Encourage participants to attend and or participate in regular department training, too, especially if they are going to be responding to calls with firefighters. This helps build a positive rapport with firefighters.

Other training events include holding joint drills with other junior firefighting programs in the region. One exciting training event is to have competitions with other junior firefighting programs, relay races or muster challenges. For over a decade, the Connecticut Fire Academy has hosted an annual muster for junior firefighters from across the state. Also, Sturbridge Village in Massachusetts has hosted a historic firefighting muster challenge for junior firefighters, with a bucket brigade and hand-drawn pump.

Responding to Emergency Calls

Responding to calls is by far the most exciting aspect of the experience. If properly implemented, it is also a huge benefit to the department. Juniors don’t get complacent in firefighting basics because they are constantly training on them. It’s likely a junior firefighter can dress a hydrant and get water to a scene more efficiently than a 10-year veteran who may have not dressed a hydrant in years.

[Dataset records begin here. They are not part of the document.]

lemma det_matrix_inv:
  fixes P :: "'a::field^'n^'n"
  assumes "det P \<noteq> 0"
  shows "det (matrix_inv P) = 1 / det P"
  using det_mul[of P "matrix_inv P"] matrix_inv_nonsingular[OF assms] assms
  by (simp add: field_simps)

section \<open>Conjugacy in ESL(2,F)\<close>

lemma conj_class_iff:
  "X \<in> conj_class (A::'a::field^2^2) \<longleftrightarrow> (\<exists>P. (det P = 1 \<or> det P = -1) \<and> X ** P = P ** A)"
proof
  assume "X \<in> conj_class A"
  then obtain P where P: "det P = 1 \<or> det P = -1" "X = P ** A ** matrix_inv P"
    unfolding conj_class_def ESL_def by blast
  then have "X ** P = P ** A"
    using matrix_inv_nonsingular[of P] by (auto simp flip: matrix_mul_assoc)
  with P(1) show "\<exists>P. (det P = 1 \<or> det P = -1) \<and> X ** P = P ** A" by blast
next
  assume "\<exists>P. (det P = 1 \<or> det P = -1) \<and> X ** P = P ** A"
  then obtain P where P: "det P = 1 \<or> det P = -1" "X ** P = P ** A" by blast
  then have "P ** A ** matrix_inv P = X ** (P ** matrix_inv P)"
    by (simp add: matrix_mul_assoc)
  also have "\<dots> = X" using matrix_inv_nonsingular[of P] P(1) by auto
  finally have "P ** A ** matrix_inv P = X" .
  with P(1) show "X \<in> conj_class A" unfolding conj_class_def ESL_def by blast
qed

lemma conj_refl: "A \<in> conj_class (A::'a::field^2^2)"
  unfolding conj_class_iff by (rule exI[of _ "mat 1"]) simp

lemma conj_trans:
  assumes "X \<in> conj_class A" "A \<in> conj_class (B::'a::field^2^2)"
  shows "X \<in> conj_class B"
proof -
  obtain P where P: "det P = 1 \<or> det P = -1" "X ** P = P ** A"
    using assms(1) conj_class_iff by blast
  obtain Q where Q: "det Q = 1 \<or> det Q = -1" "A ** Q = Q ** B"
    using assms(2) conj_class_iff by blast
  have "X ** (P ** Q) = P ** Q ** B" using P(2) Q(2) by (metis matrix_mul_assoc)
  moreover have "det (P ** Q) = 1 \<or> det (P ** Q) = -1" using P(1) Q(1) by (auto simp: det_mul)
  ultimately show ?thesis unfolding conj_class_iff by blast
qed

lemma conj_sym:
  assumes "X \<in> conj_class (A::'a::field^2^2)"
  shows "A \<in> conj_class X"
proof -
  obtain P where P: "det P = 1 \<or> det P = -1" "X ** P = P ** A"
    using assms conj_class_iff by blast
  have inv: "P ** matrix_inv P = mat 1" "matrix_inv P ** P = mat 1"
    using matrix_inv_nonsingular[of P] P(1) by auto
  have "A ** matrix_inv P = matrix_inv P ** (P ** A) ** matrix_inv P"
    using inv by (simp add: matrix_mul_assoc)
  also have "\<dots> = matrix_inv P ** X ** (P ** matrix_inv P)"
    by (simp flip: P(2) add: matrix_mul_assoc)
  also have "\<dots> = matrix_inv P ** X" using inv by simp
  finally have "A ** matrix_inv P = matrix_inv P ** X" .
  moreover have "det (matrix_inv P) = 1 \<or> det (matrix_inv P) = -1"
    using P(1) det_matrix_inv[of P] by auto
  ultimately show ?thesis unfolding conj_class_iff by blast
qed

lemma conj_class_eq:
  assumes "X \<in> conj_class (A::'a::field^2^2)"
  shows "conj_class X = conj_class A"
  using assms conj_trans conj_sym by blast

lemma conj_det:
  assumes "X \<in> conj_class (A::'a::field^2^2)"
  shows "det X = det A"
proof -
  obtain P where P: "det P = 1 \<or> det P = -1" "X ** P = P ** A"
    using assms conj_class_iff by blast
  have "det X * det P = det A * det P"
    using arg_cong[OF P(2), of det] by (simp add: det_mul mult.commute)
  then show ?thesis using P(1) by auto
qed

lemma conj_trace:
  assumes "X \<in> conj_class (A::'a::field^2^2)"
  shows "trace X = trace A"
proof -
  obtain P where P: "P \<in> ESL" "X = P ** A ** matrix_inv P"
    using assms unfolding conj_class_def by blast
  have inv: "matrix_inv P ** P = mat 1"
    using matrix_inv_nonsingular[of P] P(1) by (auto simp: ESL_def)
  have "trace X = trace (P ** (A ** matrix_inv P))" using P(2) by (simp add: matrix_mul_assoc)
  also have "\<dots> = trace (A ** matrix_inv P ** P)" by (rule trace_mul_sym)
  also have "\<dots> = trace (A ** (matrix_inv P ** P))" by (simp add: matrix_mul_assoc)
  also have "\<dots> = trace A" using inv by simp
  finally show ?thesis .
qed

lemma conj_class_eq_invariants:
  "conj_class X = conj_class (Y::'a::field^2^2) \<Longrightarrow> det X = det Y \<and> trace X = trace Y"
  using conj_refl[of X] conj_det conj_trace by blast

section \<open>The quadratic form of a matrix and the conjugacy criterion\<close>

text \<open>For F and a vector v = (x,y), the matrix with columns v and F v.  When it is nonsingular,
  it conjugates F to the companion matrix of its characteristic polynomial.\<close>
definition cyclic_basis :: "'a::comm_ring_1^2^2 \<Rightarrow> 'a \<Rightarrow> 'a \<Rightarrow> 'a^2^2" where
  "cyclic_basis F x y = mat2 x (F$1$1*x + F$1$2*y) y (F$2$1*x + F$2$2*y)"

text \<open>The binary quadratic form attached to F: its value at v is det(v, F v).\<close>
definition cyclic_det :: "'a::comm_ring_1^2^2 \<Rightarrow> 'a \<Rightarrow> 'a \<Rightarrow> 'a" where
  "cyclic_det F x y = F$2$1*x^2 + (F$2$2 - F$1$1)*x*y - F$1$2*y^2"

definition companion :: "'a::comm_ring_1 \<Rightarrow> 'a \<Rightarrow> 'a^2^2" where
  "companion \<Delta> t = mat2 0 (-\<Delta>) 1 t"

lemma det_cyclic_basis: "det (cyclic_basis F x y) = cyclic_det F x y"
  unfolding cyclic_basis_def cyclic_det_def det_mat2 by (simp add: algebra_simps power2_eq_square)

lemma cyclic_det_mat2: "cyclic_det (mat2 a b c d) x y = c*x^2 + (d-a)*x*y - b*y^2"
  by (simp add: cyclic_det_def)

text \<open>Cayley-Hamilton in the cyclic basis: F acts on (v, F v) by its companion matrix.\<close>
lemma cyclic_basis_companion:
  "F ** cyclic_basis F x y = cyclic_basis F x y ** companion (det F) (trace F)"
proof -
  obtain a b c d where "F = mat2 a b c d" by (metis mat2_eta)
  then show ?thesis unfolding cyclic_basis_def companion_def
    by (simp add: mat2_mult mat2_eq_iff det_mat2 trace_mat2 algebra_simps)
qed

lemma cyclic_basis_conj:
  fixes X A P :: "'a::comm_ring_1^2^2"
  assumes "X ** P = P ** A"
  shows "cyclic_basis X (P$1$1*x + P$1$2*y) (P$2$1*x + P$2$2*y) = P ** cyclic_basis A x y"
proof -
  obtain a b c d where A: "A = mat2 a b c d" by (metis mat2_eta)
  obtain x1 x2 x3 x4 where X: "X = mat2 x1 x2 x3 x4" by (metis mat2_eta)
  obtain p1 p2 p3 p4 where P: "P = mat2 p1 p2 p3 p4" by (metis mat2_eta)
  have "x1*p1+x2*p3 = p1*a+p2*c" "x1*p2+x2*p4 = p1*b+p2*d"
       "x3*p1+x4*p3 = p3*a+p4*c" "x3*p2+x4*p4 = p3*b+p4*d"
    using assms by (simp_all add: A X P mat2_mult mat2_eq_iff)
  then have "x*(x1*p1+x2*p3) + y*(x1*p2+x2*p4) = x*(p1*a+p2*c) + y*(p1*b+p2*d)"
            "x*(x3*p1+x4*p3) + y*(x3*p2+x4*p4) = x*(p3*a+p4*c) + y*(p3*b+p4*d)"
    by simp_all
  then show ?thesis
    unfolding A X P cyclic_basis_def by (simp add: mat2_mult mat2_eq_iff algebra_simps)
qed

lemma cyclic_det_conj_value:
  assumes "X \<in> conj_class (A::'a::field^2^2)"
  shows "\<exists>x' y'. cyclic_det X x y = cyclic_det A x' y' \<or> cyclic_det X x y = - cyclic_det A x' y'"
proof -
  obtain P where P: "det P = 1 \<or> det P = -1" "A ** P = P ** X"
    using conj_sym[OF assms] conj_class_iff by blast
  have "cyclic_det A (P$1$1*x + P$1$2*y) (P$2$1*x + P$2$2*y) = det P * cyclic_det X x y"
    using arg_cong[OF cyclic_basis_conj[OF P(2)], of det] by (simp add: det_mul det_cyclic_basis)
  then show ?thesis using P(1) by (metis mult_1 mult_minus1 minus_minus)
qed
(* Let $k\ge3$, let $m_1,\dots,m_{k-1}\ge0$ be integers, and fix $w\in\mathcal P(\mathcal M_{k-2})$ (letters $e_1,\dots,e_{k-2}$ with counts $m_1,\dots,m_{k-2}$) and $\Pi\in\mathcal P([m_{k-2}\times m_{k-1}])$. Consider the words $W\in\mathcal P(\mathcal M_{k-1})$ such that: (i) deleting all letters $e_{k-1}$ from $W$ gives $w$, and (ii) deleting all letters $e_1,\dots,e_{k-3}$ from $W$ and renaming $e_{k-2}\mapsto a$, $e_{k-1}\mapsto b$ gives $\Pi$. The number of such $W$ is $$\prod_{r=0}^{m_{k-2}}\binom{\pi^\star(\Pi)(r)+\sum_{l=1}^{k-3}\pi^\star_{k-2,l}(w)(r)}{\pi^\star(\Pi)(r)}.$$ All such $W$ yield the same value $S(w)\cdot\pi^\star(\Pi)=\sum_{r=0}^{m_{k-2}}S_r(w)\pi^\star(\Pi)(r)$ of the count of position tuples $p_1<\dots<p_{k-1}$ with letter $e_j$ at $p_j$. Summing these counts over all $(w,\Pi)$ gives $\binom{m_1+\cdots+m_{k-1}}{m_1,\ldots,m_{k-1}}$.
   Context: $\mathcal P(\mathcal M_d)$ is the set of words of length $m_1+\dots+m_d$ in letters $e_1,\dots,e_d$ containing exactly $m_i$ copies of $e_i$. For a word $w$ and $i\ne j$, $\pi_{i,j}(w)(s)$ ($s=1,\dots,m_j$) is the number of occurrences of $e_i$ preceding the $s$-th occurrence of $e_j$, and $\pi^\star_{i,j}(w)(r)=\#\{s:\pi_{i,j}(w)(s)=r\}$. $S_t(w)$, for $w\in\mathcal P(\mathcal M_d)$ and $0\le t\le m_d$, is the number of position tuples $p_1<\dots<p_d$ in $w$ with letter $e_i$ at $p_i$ for each $i$, and $p_d$ at or before the $t$-th occurrence of $e_d$. $\mathcal P([m_{k-2}\times m_{k-1}])$ is the set of words with $m_{k-2}$ letters $a$ and $m_{k-1}$ letters $b$. For such $\Pi$, $\pi(\Pi)(s)$ is the number of $a$'s before the $s$-th $b$, and $\pi^\star(\Pi)(r)=\#\{s:\pi(\Pi)(s)=r\}$ for $r=0,\dots,m_{k-2}$. An empty sum over $l$ is $0$. *)

theory Defs
  imports Main
begin
text \<open>mu_n(y;x) = (1/y) \<integral>_x^{x+y} \<Sum>_{k<n} 2 Im a_k / ((u - Re a_k)^2 + (Im a_k)^2) du
  (oriented integral, so negative y is handled as usual).\<close>
definition mu :: "(nat \<Rightarrow> complex) \<Rightarrow> nat \<Rightarrow> real \<Rightarrow> real \<Rightarrow> real" where
  "mu a n y x = (1 / y) * (LBINT u=ereal x..ereal (x + y).
      (\<Sum>k<n. 2 * Im (a k) / ((u - Re (a k))\<^sup>2 + (Im (a k))\<^sup>2)))"

end

theory Submission
  imports Defs
begin

text \<open>
  Write \<open>S\<^sub>n(f;a;x) = (1/\<pi>) \<integral> f(t) K\<^sub>n(x,t) dt\<close> with \<open>K\<^sub>n(x,t) = \<Sum>\<^sub>k conj \<Phi>\<^sub>k(t) \<Phi>\<^sub>k(x)\<close>.
  On the real line \<open>\<Phi>\<^sub>-\<^sub>k\<^sub>-\<^sub>1 = sqrt(Im a\<^sub>k) conj B\<^sub>k / (t - a\<^sub>k)\<close>, so adding the pair
  \<open>\<Phi>\<^sub>k, \<Phi>\<^sub>-\<^sub>k\<^sub>-\<^sub>1\<close> to the kernel gives, by induction on \<open>n\<close>, the Christoffel--Darboux
  formula \<open>(t - x) K\<^sub>n(x,t) = Im (B\<^sub>n(t) conj B\<^sub>n(x))\<close>.
  Each Blaschke factor equals \<open>-exp(2i arctan((u - Re a)/Im a))\<close> on the real line, so
  \<open>B\<^sub>n(u) = c exp(i \<theta>\<^sub>n(u))\<close> with \<open>|c| = 1\<close> and a phase \<open>\<theta>\<^sub>n\<close> whose derivative is the
  integrand defining \<open>\<mu>\<^sub>n\<close>. Hence \<open>(t - x) K\<^sub>n(x,t) = sin(\<theta>\<^sub>n(t) - \<theta>\<^sub>n(x))\<close> and
  \<open>\<theta>\<^sub>n(x + y) - \<theta>\<^sub>n(x) = y \<mu>\<^sub>n(y;x)\<close>; splitting the integral at \<open>t = x\<close> gives the formula.
\<close>

lemma cayley_real_eq_exp_arctan:
  "(complex_of_real z - \<i>) / (complex_of_real z + \<i>) = - exp (\<i> * of_real (2 * arctan z))"
proof -
  define w where "w = (1 - \<i> * of_real z) / (1 + \<i> * of_real z)"
  have nz: "1 + \<i> * complex_of_real z \<noteq> 0" "1 - \<i> * complex_of_real z \<noteq> 0"
    by (auto simp: complex_eq_iff)
  then have "w \<noteq> 0" by (simp add: w_def)
  have "\<i> * of_real (2 * arctan z) = - Ln w"
    by (simp add: Arctan_of_real[symmetric] Arctan_def w_def)
  then have "exp (\<i> * of_real (2 * arctan z)) = inverse w"
    using \<open>w \<noteq> 0\<close> by (simp add: exp_minus)
  moreover have "complex_of_real z - \<i> = - \<i> * (1 + \<i> * of_real z)"
    "complex_of_real z + \<i> = \<i> * (1 - \<i> * of_real z)"
    by (simp_all add: algebra_simps)
  ultimately show ?thesis by (simp add: w_def)
qed
(* Let $g\ge2$, $A\ge1$, $k\ge1$ and let $f_1(q),\dots,f_g(q)$ be power series with complex coefficients, each of order of magnitude $(A,k)$. Then the wronskian $W_{\mathbf f}(q)$ is a power series of order of magnitude $\left(g!\,A^g\,2^{\frac{g(g-1)(g+3k-2)}{6}},\ gk-1+\frac{g(g+1)}{2}\right)$.
   Context: A power series $h=\sum_{m\ge0}h_mq^m$ has order of magnitude $(A,n)$ ($A\ge1$ real, $n\ge1$ integer) if $|h_m|\le A(m+1)^n$ for all $m$. For $\mathbf f=(f_1,\dots,f_g)$ the wronskian is $W_{\mathbf f}(q)=\det\big(f_j^{(i)}(q)\big)_{0\le i\le g-1,\,1\le j\le g}$, where $f^{(i)}$ is the $i$-th derivative. *)

theory Defs
  imports "HOL-Computational_Algebra.Formal_Power_Series" "Jordan_Normal_Form.Determinant"
begin

definition order_of_magnitude :: "complex fps \<Rightarrow> real \<Rightarrow> nat \<Rightarrow> bool" where
  "order_of_magnitude h A n \<longleftrightarrow> A \<ge> 1 \<and> n \<ge> 1 \<and>
     (\<forall>m. norm (fps_nth h m) \<le> A * (real m + 1) ^ n)"

definition wronskian :: "nat \<Rightarrow> (nat \<Rightarrow> complex fps) \<Rightarrow> complex fps" where
  "wronskian g f = det (mat g g (\<lambda>(i, j). (fps_deriv ^^ i) (f j)))"

end

theory Submission
  imports Defs
begin

text \<open>Expand the wronskian by the Leibniz formula. The entries of row i are i-th derivatives,
  and differentiating a series with coefficients bounded by C (m+1)^e gives one bounded by
  2^e C (m+1)^(e+1), since (m+2)^e \<le> 2^e (m+1)^e. A product of series adds the exponents plus one
  per factor, because the m-th coefficient of a product is a sum of m+1 terms. Summing the g!
  signed products multiplies the constant by g!, and the powers of 2 collected along the rows
  add up to the sum over i < g and j < i of k + j, which is g(g-1)(g+3k-2)/6.\<close>

definition fps_coeff_bound :: "'a::real_normed_vector fps \<Rightarrow> real \<Rightarrow> nat \<Rightarrow> bool" where
  "fps_coeff_bound h C e \<longleftrightarrow> (\<forall>m. norm (fps_nth h m) \<le> C * (real m + 1) ^ e)"

lemma fps_coeff_boundD: "fps_coeff_bound h C e \<Longrightarrow> norm (fps_nth h m) \<le> C * (real m + 1) ^ e"
  unfolding fps_coeff_bound_def by blast

lemma fps_coeff_bound_nonneg: "fps_coeff_bound h C e \<Longrightarrow> C \<ge> 0"
  using fps_coeff_boundD[of h C e 0] by (simp add: order_trans[OF norm_ge_zero])

lemma fps_coeff_bound_le:
  assumes "fps_coeff_bound h C e" "i \<le> m"
  shows "norm (fps_nth h i) \<le> C * (real m + 1) ^ e"
proof -
  have "norm (fps_nth h i) \<le> C * (real i + 1) ^ e"
    using assms(1) by (rule fps_coeff_boundD)
  also have "\<dots> \<le> C * (real m + 1) ^ e"
    using assms fps_coeff_bound_nonneg by (intro mult_left_mono power_mono) auto
  finally show ?thesis .
qed

lemma order_of_magnitude_iff:
  "order_of_magnitude h A n \<longleftrightarrow> A \<ge> 1 \<and> n \<ge> 1 \<and> fps_coeff_bound h A n"
  unfolding order_of_magnitude_def fps_coeff_bound_def by blast

lemma fps_coeff_bound_mult:
  fixes a b :: "'a::real_normed_algebra fps"
  assumes a: "fps_coeff_bound a C e1" and b: "fps_coeff_bound b D e2"
  shows "fps_coeff_bound (a * b) (C * D) (e1 + e2 + 1)"
  unfolding fps_coeff_bound_def
proof
  fix m
  have C: "C \<ge> 0"
    using a by (rule fps_coeff_bound_nonneg)
  have term_bound: "norm (fps_nth a i * fps_nth b (m - i)) \<le> C * D * (real m + 1) ^ (e1 + e2)"
    if "i \<le> m" for i
  proof -
    have "norm (fps_nth a i) \<le> C * (real m + 1) ^ e1"
      using a that by (rule fps_coeff_bound_le)
    moreover have "norm (fps_nth b (m - i)) \<le> D * (real m + 1) ^ e2"
      using b by (rule fps_coeff_bound_le) simp
    ultimately have "norm (fps_nth a i) * norm (fps_nth b (m - i))
        \<le> C * (real m + 1) ^ e1 * (D * (real m + 1) ^ e2)"
      by (intro mult_mono) (use C in auto)
    then show ?thesis
      using norm_mult_ineq[of "fps_nth a i" "fps_nth b (m - i)"] by (simp add: power_add algebra_simps)
  qed
  have "norm (fps_nth (a * b) m) \<le> (\<Sum>i=0..m. norm (fps_nth a i * fps_nth b (m - i)))"
    unfolding fps_mult_nth by (rule norm_sum)
  also have "\<dots> \<le> (\<Sum>i=0..m. C * D * (real m + 1) ^ (e1 + e2))"
    by (rule sum_mono) (simp add: term_bound)
  also have "\<dots> = C * D * (real m + 1) ^ (e1 + e2 + 1)"
    by (simp add: algebra_simps)
  finally show "norm (fps_nth (a * b) m) \<le> C * D * (real m + 1) ^ (e1 + e2 + 1)" .
qed

lemma fps_coeff_bound_deriv:
  fixes h :: "'a::{real_normed_algebra_1, comm_semiring_1} fps"
  assumes h: "fps_coeff_bound h C e"
  shows "fps_coeff_bound (fps_deriv h) (2 ^ e * C) (e + 1)"
  unfolding fps_coeff_bound_def
proof
  fix m
  have "norm (fps_nth (fps_deriv h) m) = norm (of_nat (m + 1) * fps_nth h (m + 1))"
    by (simp only: fps_deriv_nth)
  also have "\<dots> \<le> norm (of_nat (m + 1) :: 'a) * norm (fps_nth h (m + 1))"
    by (rule norm_mult_ineq)
  also have "\<dots> = (real m + 1) * norm (fps_nth h (m + 1))"
    by (simp only: norm_of_nat) simp
  also have "\<dots> \<le> (real m + 1) * (C * (real m + 2) ^ e)"
    using fps_coeff_boundD[OF h, of "m + 1"] by (intro mult_left_mono) (simp_all add: add.commute)
  also have "\<dots> \<le> (real m + 1) * (C * (2 * (real m + 1)) ^ e)"
    using fps_coeff_bound_nonneg[OF h] by (intro mult_left_mono power_mono) auto
  also have "\<dots> = 2 ^ e * C * (real m + 1) ^ (e + 1)"
    by (simp only: power_mult_distrib power_Suc2 Suc_eq_plus1[symmetric]) (simp add: algebra_simps)
  finally show "norm (fps_nth (fps_deriv h) m) \<le> 2 ^ e * C * (real m + 1) ^ (e + 1)" .
qed

lemma fps_coeff_bound_deriv_funpow:
  fixes h :: "'a::{real_normed_algebra_1, comm_semiring_1} fps"
  assumes "fps_coeff_bound h C e"
  shows "fps_coeff_bound ((fps_deriv ^^ i) h) (2 ^ (\<Sum>j<i. e + j) * C) (e + i)"
proof (induction i)
  case 0
  then show ?case using assms by simp
next
  case (Suc i)
  then show ?case
    using fps_coeff_bound_deriv by (fastforce simp: power_add algebra_simps)
qed

lemma fps_coeff_bound_prod:
  fixes h :: "nat \<Rightarrow> 'a::{real_normed_algebra_1, comm_semiring_1} fps"
  assumes "\<And>i. i < n \<Longrightarrow> fps_coeff_bound (h i) (C i) (e i)"
  shows "fps_coeff_bound (\<Prod>i<n. h i) (\<Prod>i<n. C i) ((\<Sum>i<n. e i) + n - 1)"
  using assms
proof (induction n)
  case 0
  then show ?case by (simp add: fps_coeff_bound_def)
next
  case (Suc n)
  show ?case
  proof (cases "n = 0")
    case True
    then show ?thesis using Suc.prems by simp
  next
    case False
    have "fps_coeff_bound ((\<Prod>i<n. h i) * h n) ((\<Prod>i<n. C i) * C n)
            ((\<Sum>i<n. e i) + n - 1 + e n + 1)"
      using Suc.IH Suc.prems by (intro fps_coeff_bound_mult) auto
    then show ?thesis using False by (simp add: algebra_simps)
  qed
qed

lemma fps_coeff_bound_sum:
  assumes "finite S" "\<And>x. x \<in> S \<Longrightarrow> fps_coeff_bound (h x) C e"
  shows "fps_coeff_bound (\<Sum>x\<in>S. h x) (real (card S) * C) e"
  using assms
proof (induction S rule: finite_induct)
  case empty
  then show ?case by (simp add: fps_coeff_bound_def)
next
  case (insert x S)
  show ?case
    unfolding fps_coeff_bound_def
  proof
    fix m
    have "norm (fps_nth (\<Sum>y\<in>insert x S. h y) m) \<le> norm (fps_nth (h x) m) + norm (fps_nth (\<Sum>y\<in>S. h y) m)"
      using insert.hyps by (simp add: norm_triangle_ineq)
    also have "\<dots> \<le> C * (real m + 1) ^ e + real (card S) * C * (real m + 1) ^ e"
      using insert by (intro add_mono fps_coeff_boundD) auto
    also have "\<dots> = real (card (insert x S)) * C * (real m + 1) ^ e"
      using insert.hyps by (simp add: algebra_simps)
    finally show "norm (fps_nth (\<Sum>y\<in>insert x S. h y) m) \<le> real (card (insert x S)) * C * (real m + 1) ^ e" .
  qed
qed

lemma fps_coeff_bound_signof:
  fixes h :: "'a::{real_normed_algebra_1, comm_ring_1} fps"
  shows "fps_coeff_bound h C e \<Longrightarrow> fps_coeff_bound (signof p * h) C e"
  unfolding fps_coeff_bound_def sign_def by simp

lemma fps_coeff_bound_det:
  fixes M :: "'a::{real_normed_algebra_1, comm_ring_1} fps mat"
  assumes "M \<in> carrier_mat n n"
    and "\<And>i j. i < n \<Longrightarrow> j < n \<Longrightarrow> fps_coeff_bound (M $$ (i, j)) (C i) (e i)"
  shows "fps_coeff_bound (det M) (fact n * (\<Prod>i<n. C i)) ((\<Sum>i<n. e i) + n - 1)"
proof -
  have term_bound: "fps_coeff_bound (signof p * (\<Prod>i<n. M $$ (i, p i))) (\<Prod>i<n. C i) ((\<Sum>i<n. e i) + n - 1)"
    if "p permutes {0..<n}" for p
    using that assms(2) permutes_in_image[OF that]
    by (intro fps_coeff_bound_signof fps_coeff_bound_prod) auto
  have "fps_coeff_bound (\<Sum>p\<in>{p. p permutes {0..<n}}. signof p * (\<Prod>i<n. M $$ (i, p i)))
          (real (card {p. p permutes {0..<n}}) * (\<Prod>i<n. C i)) ((\<Sum>i<n. e i) + n - 1)"
    using term_bound by (intro fps_coeff_bound_sum finite_permutations) auto
  then show ?thesis
    using assms(1) card_permutations[of "{0..<n}" n] by (simp add: det_def atLeast0LessThan)
qed

lemma sum_lessThan_add_linear: "(\<Sum>i<g. k + i) + g = g * k + g * (g + 1) div 2" for g k :: nat
proof -
  have "(\<Sum>i<g. i) + g = (\<Sum>i\<le>g. i)"
    by (simp add: lessThan_Suc_atMost[symmetric])
  then show ?thesis
    using gauss_sum_nat[of g] by (simp add: sum.distrib atLeast0AtMost)
qed

lemma sum_lessThan_sum_lessThan_add:
  "6 * (\<Sum>i<g. \<Sum>j<i. k + j) = g * (g - 1) * (g + 3 * k - 2)" for g k :: nat
proof -
  have gauss: "2 * (\<Sum>j<n. int j) = int n * (int n - 1)" for n
    by (induction n) (simp_all add: algebra_simps)
  have "6 * (\<Sum>i<g. \<Sum>j<i. int k + int j) = int g * (int g - 1) * (int g + 3 * int k - 2)"
  proof (induction g)
    case (Suc g)
    then show ?case
      using gauss[of g] by (simp add: sum.distrib algebra_simps)
  qed simp
  moreover have "int (g * (g - 1) * (g + 3 * k - 2)) = int g * (int g - 1) * (int g + 3 * int k - 2)"
    by (cases "g \<ge> 2") (auto simp: of_nat_diff numeral_2_eq_2 less_Suc_eq)
  ultimately show ?thesis
    by (simp only: of_nat_eq_iff[where 'a = int, symmetric] of_nat_mult of_nat_sum of_nat_add)
qed

theorem mainTheorem6:
  fixes g k :: nat and A :: real and f :: "nat \<Rightarrow> complex fps"
  assumes "g \<ge> 2" and "A \<ge> 1" and "k \<ge> 1"
    and "\<And>j. j < g \<Longrightarrow> order_of_magnitude (f j) A k"
  shows "order_of_magnitude (wronskian g f)
           (fact g * A ^ g * 2 ^ (g * (g - 1) * (g + 3 * k - 2) div 6))
           (g * k - 1 + g * (g + 1) div 2)"
proof -
  have "fps_coeff_bound (wronskian g f)
          (fact g * (\<Prod>i<g. 2 ^ (\<Sum>j<i. k + j) * A)) ((\<Sum>i<g. k + i) + g - 1)"
    unfolding wronskian_def
    using assms(4) by (intro fps_coeff_bound_det) (auto simp: order_of_magnitude_iff fps_coeff_bound_deriv_funpow)
  moreover have "(\<Prod>i<g. 2 ^ (\<Sum>j<i. k + j) * A) = A ^ g * 2 ^ (\<Sum>i<g. \<Sum>j<i. k + j)"
    by (simp add: prod.distrib power_sum)
  moreover have "(\<Sum>i<g. \<Sum>j<i. k + j) = g * (g - 1) * (g + 3 * k - 2) div 6"
    using sum_lessThan_sum_lessThan_add[where g = g and k = k] by simp
  moreover have "(\<Sum>i<g. k + i) + g - 1 = g * k - 1 + g * (g + 1) div 2"
    using sum_lessThan_add_linear[where g = g and k = k] assms(1,3) by (simp add: Suc_le_eq)
  moreover have "1 \<le> fact g * A ^ g * 2 ^ (g * (g - 1) * (g + 3 * k - 2) div 6)"
    using assms(2) by (intro mult_ge1_I one_le_power) auto
  moreover have "g * k - 1 + g * (g + 1) div 2 \<ge> 1"
    using assms(1) by (cases g) auto
  ultimately show ?thesis
    by (simp add: order_of_magnitude_iff mult.assoc)
qed

end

How junior firefighters respond to calls will depend on the design of your program. Clear standards must be met to allow for response eligibility. Develop a set of competencies that must be attained before response is allowed. Utilizing the concept of Firefighter I and Firefighter II, set different levels for participants to attain.

For example, a Level 1 junior firefighter must prove their competence in a basic set of competencies. Create a checklist that each participant can use to track their progress. Have an advisor sign off, confirming when each skill has been successfully demonstrated. Once the checklist is fully signed off, consider performing a final overall spot test. If they pass and have demonstrated character and discipline in line with expectations, they should be approved to start responding. Send a notice to ensure that they’re introduced to the rest of the department.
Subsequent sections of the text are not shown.